CONAKRY,  (Reuters) – Guinea’s former military ruler, Moussa Dadis Camara, is back in custody, his lawyer said yesterday, denying Camara was a willing participant in an earlier armed jailbreak that he described as a kidnapping by force.

Residents of the capital Conakry woke up to the sound of gunfire in the early hours of Saturday as heavily armed men sprang Camara and three other officers out of a central prison, prompting the Guinean authorities to launch a nationwide manhunt.

In a post on social media on Saturday afternoon, Camara’s lawyer Pepe Antoine Lamah said Camara was back in Conakry’s Central House prison.

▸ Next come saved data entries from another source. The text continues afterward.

(* Let $p\in(0,1]$, let $\Omega\subset\mathbb R^n$ be open, and let $B$ be a ball with centre in $\Omega$ such that $4B\cap\partial\Omega\neq\emptyset$. If $f:\Omega\to\mathbb R$ is supported in $B\cap\Omega$ and $\|f\|_{L^\infty}\le C_0|B|^{-1/p}$, then $\|f\|_{H^p_{Mi}(\Omega)}\le C$, where $C$ depends only on $C_0$, $n$ and $p$.
   Context: $\lambda B$ denotes the ball with the same centre as $B$ and $\lambda$ times its radius; $|\cdot|$ is Lebesgue measure. Miyachi Hardy space: for $p\in(0,1]$, an $H^p_{Mi}(\Omega)$-atom is a bounded measurable $a:\Omega\to\mathbb R$ supported in a ball $B\subset\Omega$ with $\|a\|_{L^\infty}\le|B|^{-1/p}$ and such that either $2B\subset\Omega$ and $4B\cap\partial\Omega\ne\emptyset$, or $4B\subset\Omega$ and $\int x^\alpha a(x)\,dx=0$ for all multi-indices $|\alpha|\le[n(1/p-1)]$. $H^p_{Mi}(\Omega)$ is the set of distributions $f=\sum_j\lambda_ja_j$ with such atoms and $\sum|\lambda_j|^p<\infty$, with $\|f\|^p_{H^p_{Mi}}=\inf\sum_j|\lambda_j|^p$ over all such decompositions. *)

theory Defs
  imports "HOL-Analysis.Analysis"
begin

fun Ck :: "nat \<Rightarrow> ('a::euclidean_space \<Rightarrow> real) \<Rightarrow> bool" where
  "Ck 0 f = continuous_on UNIV f"
| "Ck (Suc k) f = (continuous_on UNIV f \<and> f differentiable_on UNIV \<and>
      (\<forall>v. Ck k (\<lambda>x. frechet_derivative f (at x) v)))"

definition smooth :: "('a::euclidean_space \<Rightarrow> real) \<Rightarrow> bool" where
  "smooth f \<longleftrightarrow> (\<forall>k. Ck k f)"

(* test functions C_c^\<infinity>(\<Omega>), extended by zero to the whole space *)
definition test_function :: "'a::euclidean_space set \<Rightarrow> ('a \<Rightarrow> real) \<Rightarrow> bool" where
  "test_function \<Omega> \<phi> \<longleftrightarrow> smooth \<phi> \<and> compact (closure {x. \<phi> x \<noteq> 0})
      \<and> closure {x. \<phi> x \<noteq> 0} \<subseteq> \<Omega>"
theorem proposition2p1:
  fixes U :: "(real^'n::finite) set"
    and g ginv \<omega> :: "'n \<Rightarrow> 'n \<Rightarrow> 'n fn"
    and \<Gamma> :: "'n \<Rightarrow> 'n \<Rightarrow> 'n \<Rightarrow> 'n fn"
    and gtinv :: "'n \<Rightarrow> 'n \<Rightarrow> 'n qf"
    and B :: "'n form \<Rightarrow> 'n form \<Rightarrow> 'n qf"
  assumes U_open: "open U"
    and g_smooth: "\<And>\<mu> \<nu>. Cinf_on U (g \<mu> \<nu>)"
    and ginv_smooth: "\<And>\<mu> \<nu>. Cinf_on U (ginv \<mu> \<nu>)"
    and \<omega>_smooth: "\<And>\<alpha> \<beta>. Cinf_on U (\<omega> \<alpha> \<beta>)"
    and \<Gamma>_smooth: "\<And>\<alpha> \<beta> \<gamma>. Cinf_on U (\<Gamma> \<alpha> \<beta> \<gamma>)"
    and g_sym: "\<And>\<mu> \<nu> x. x \<in> U \<Longrightarrow> g \<mu> \<nu> x = g \<nu> \<mu> x"
    and ginv_right: "\<And>\<mu> \<gamma> x. x \<in> U \<Longrightarrow>
          (\<Sum>\<nu>\<in>UNIV. g \<mu> \<nu> x * ginv \<nu> \<gamma> x) = (if \<mu> = \<gamma> then 1 else 0)"
    and ginv_left: "\<And>\<mu> \<gamma> x. x \<in> U \<Longrightarrow>
          (\<Sum>\<nu>\<in>UNIV. ginv \<gamma> \<nu> x * g \<nu> \<mu> x) = (if \<mu> = \<gamma> then 1 else 0)"
    and metric_compat: "\<And>\<mu> \<nu> \<beta> x. x \<in> U \<Longrightarrow>
          pd \<beta> (g \<mu> \<nu>) x = Glow g \<Gamma> \<mu> \<beta> \<nu> x + Glow g \<Gamma> \<nu> \<beta> \<mu> x"
    and \<omega>_antisym: "\<And>\<alpha> \<beta> x. x \<in> U \<Longrightarrow> \<omega> \<alpha> \<beta> x = - \<omega> \<beta> \<alpha> x"
    and jacobi: "\<And>f h k x. Cinf_on U f \<Longrightarrow> Cinf_on U h \<Longrightarrow> Cinf_on U k \<Longrightarrow> x \<in> U \<Longrightarrow>
          pbr \<omega> f (pbr \<omega> h k) x + pbr \<omega> h (pbr \<omega> k f) x + pbr \<omega> k (pbr \<omega> f h) x = 0"
    and poisson_compat: "\<And>\<alpha> \<beta> \<gamma> x. x \<in> U \<Longrightarrow>
          pd \<gamma> (\<omega> \<alpha> \<beta>) x
          + (\<Sum>\<delta>\<in>UNIV. \<Gamma> \<alpha> \<gamma> \<delta> x * \<omega> \<delta> \<beta> x + \<Gamma> \<beta> \<gamma> \<delta> x * \<omega> \<alpha> \<delta> x)
          + (\<Sum>\<delta>\<in>UNIV. torsion \<Gamma> \<alpha> \<delta> \<gamma> x * \<omega> \<delta> \<beta> x + torsion \<Gamma> \<beta> \<delta> \<gamma> x * \<omega> \<alpha> \<delta> x) = 0"
    and gtinv_smooth: "\<And>\<mu> \<nu>. qsmooth U (gtinv \<mu> \<nu>)"
    and gtinv_right: "\<And>\<mu> \<gamma>. qeqU U
          (qsum (\<lambda>\<nu>. qmult \<omega> (gt g \<omega> \<Gamma> \<mu> \<nu>) (gtinv \<nu> \<gamma>)) UNIV)
          ((\<lambda>x. if \<mu> = \<gamma> then 1 else 0), (\<lambda>x. 0))"
    and gtinv_left: "\<And>\<mu> \<gamma>. qeqU U
          (qsum (\<lambda>\<nu>. qmult \<omega> (gtinv \<gamma> \<nu>) (gt g \<omega> \<Gamma> \<nu> \<mu>)) UNIV)
          ((\<lambda>x. if \<mu> = \<gamma> then 1 else 0), (\<lambda>x. 0))"
    and B_add_left: "\<And>\<eta> \<eta>' \<zeta>. fsmooth U \<eta> \<Longrightarrow> fsmooth U \<eta>' \<Longrightarrow> fsmooth U \<zeta> \<Longrightarrow>
          qeqU U (B (fadd \<eta> \<eta>') \<zeta>) (qadd (B \<eta> \<zeta>) (B \<eta>' \<zeta>))"
    and B_add_right: "\<And>\<eta> \<zeta> \<zeta>'. fsmooth U \<eta> \<Longrightarrow> fsmooth U \<zeta> \<Longrightarrow> fsmooth U \<zeta>' \<Longrightarrow>
          qeqU U (B \<eta> (fadd \<zeta> \<zeta>')) (qadd (B \<eta> \<zeta>) (B \<eta> \<zeta>'))"
    and B_balanced: "\<And>\<eta> f \<zeta>. fsmooth U \<eta> \<Longrightarrow> qsmooth U f \<Longrightarrow> fsmooth U \<zeta> \<Longrightarrow>
          qeqU U (B (qrmult \<omega> \<Gamma> \<eta> f) \<zeta>) (B \<eta> (qlmult \<omega> \<Gamma> f \<zeta>))"
    and B_bimodule: "\<And>f \<eta> \<zeta> k. qsmooth U f \<Longrightarrow> fsmooth U \<eta> \<Longrightarrow> fsmooth U \<zeta> \<Longrightarrow> qsmooth U k \<Longrightarrow>
          qeqU U (B (qlmult \<omega> \<Gamma> f \<eta>) (qrmult \<omega> \<Gamma> \<zeta> k)) (qmult \<omega> (qmult \<omega> f (B \<eta> \<zeta>)) k)"
    and B_dx: "\<And>\<mu> \<nu>. qeqU U (B (dx \<mu>) (dx \<nu>)) (gtinv \<mu> \<nu>)"
  shows "qeqU U
          (qsum (\<lambda>\<mu>. qsum (\<lambda>\<nu>. B (qrmult \<omega> \<Gamma> (dx \<mu>) (gt g \<omega> \<Gamma> \<mu> \<nu>)) (dx \<nu>)) UNIV) UNIV)
          ((\<lambda>x. real CARD('n)),
           (\<lambda>x. 1/2 * (\<Sum>\<mu>\<in>UNIV. \<Sum>\<nu>\<in>UNIV. pbr \<omega> (g \<mu> \<nu>) (ginv \<mu> \<nu>) x)))"
proof -
  have ginv_sym: "ginv \<mu> \<nu> x = ginv \<nu> \<mu> x" if "x \<in> U" for \<mu> \<nu> x
    using g_sym[OF that] ginv_right[OF that] by (rule ginv_symmetric_at)
  have fst_gtinv: "fst (gtinv \<mu> \<nu>) x = ginv \<mu> \<nu> x" if "x \<in> U" for \<mu> \<nu> x
    using ginv_left[OF that] gtinv_right that by (rule fst_gt_right_inverse_eq)
  have "qeqU U (qsum (\<lambda>\<mu>. qsum (\<lambda>\<nu>. qmult \<omega> (gt g \<omega> \<Gamma> \<mu> \<nu>) (gtinv \<mu> \<nu>)) UNIV) UNIV)
      ((\<lambda>x. real CARD('n)), (\<lambda>x. 0))"
  proof (rule qsum_qmult_right_inverse_trace[OF U_open _ _ gtinv_right])
    show "fst (gt g \<omega> \<Gamma> \<mu> \<nu>) x = fst (gt g \<omega> \<Gamma> \<nu> \<mu>) x" if "x \<in> U" for \<mu> \<nu> x
      using g_sym[OF that] by simp
    show "fst (gtinv \<mu> \<nu>) x = fst (gtinv \<nu> \<mu>) x" if "x \<in> U" for \<mu> \<nu> x
      using ginv_sym[OF that] by (simp add: fst_gtinv[OF that])
  qed
  moreover have "qeqU U
      (qsum (\<lambda>\<mu>. qsum (\<lambda>\<nu>. B (qrmult \<omega> \<Gamma> (dx \<mu>) (gt g \<omega> \<Gamma> \<mu> \<nu>)) (dx \<nu>)) UNIV) UNIV)
      (qadd (qsum (\<lambda>\<mu>. qsum (\<lambda>\<nu>. qmult \<omega> (gt g \<omega> \<Gamma> \<mu> \<nu>) (gtinv \<mu> \<nu>)) UNIV) UNIV)
        ((\<lambda>x. 0), (\<lambda>x. \<Sum>\<mu>\<in>UNIV. \<Sum>\<nu>\<in>UNIV. \<Sum>\<gamma>\<in>UNIV.
           (\<Sum>\<alpha>\<in>UNIV. \<Sum>\<beta>\<in>UNIV. \<omega> \<alpha> \<beta> x * pd \<alpha> (fst (gt g \<omega> \<Gamma> \<mu> \<nu>)) x * \<Gamma> \<mu> \<beta> \<gamma> x)
           * fst (gtinv \<gamma> \<nu>) x)))"
    by (intro qsum_B_qrmult_dx[OF B_add_left B_bimodule B_dx U_open \<omega>_smooth \<Gamma>_smooth]
        qsmooth_gt U_open g_smooth \<omega>_smooth \<Gamma>_smooth)
  moreover note vanish = metric_poisson_pairings_vanish[OF U_open _ g_smooth ginv_smooth g_sym ginv_right
      ginv_left metric_compat \<omega>_antisym]
  ultimately show ?thesis
    by (auto simp: qeqU_def qadd_def qsum_def fst_gtinv vanish(1) intro: vanish(2))
qed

He did not share details on how his client had returned to custody, but accused the government of failing to protect its detainees.

“Camara was indeed kidnapped this morning very early by heavily armed individuals who forced him into a vehicle,” he said. “It is … unacceptable and even inappropriate to classify a kidnapping as an escape.”

The authorities did not immediately respond to a request for comment. The general prosecutor earlier said it had opened an investigation against Camara and the others involved in what it called a jailbreak.

The whereabouts of the other officers were not immediately known.

The search for them has gripped the capital, with soldiers patrolling the streets in armoured personnel carriers, while armed officers stopped and searched passing cars.

Earlier residents described hearing the rattle of gunfire in the early hours from the Kaloum administrative district, where Camara and the others were held in the Central House prison.

“There was dread, anxiety stress … fear in our hearts. Everyone was scared and wondering what was going on,” said Conakry local Mamadou Aliou Tham.

The incident highlights the fragile security situation in Guinea, which is ruled by another military junta that seized power in a coup in 2021 – one of eight such takeovers in West and Central Africa in the last three years.

Camara and others have been on trial since last year, accused of orchestrating a stadium massacre and mass rape by Guinean security forces in which 150 people were killed during a pro-democracy rally on Sept. 28, 2009.

Camara has denied responsibility, blaming the atrocities on errant soldiers.

He led a 2008 military coup and ruled Africa’s largest bauxite exporter for almost a year until he was wounded in a December 2009 assassination attempt.

He remains popular in the southeast, although his reputation was tarnished by the massacre. Survivors and family members had hoped the trial would bring them long-awaited justice.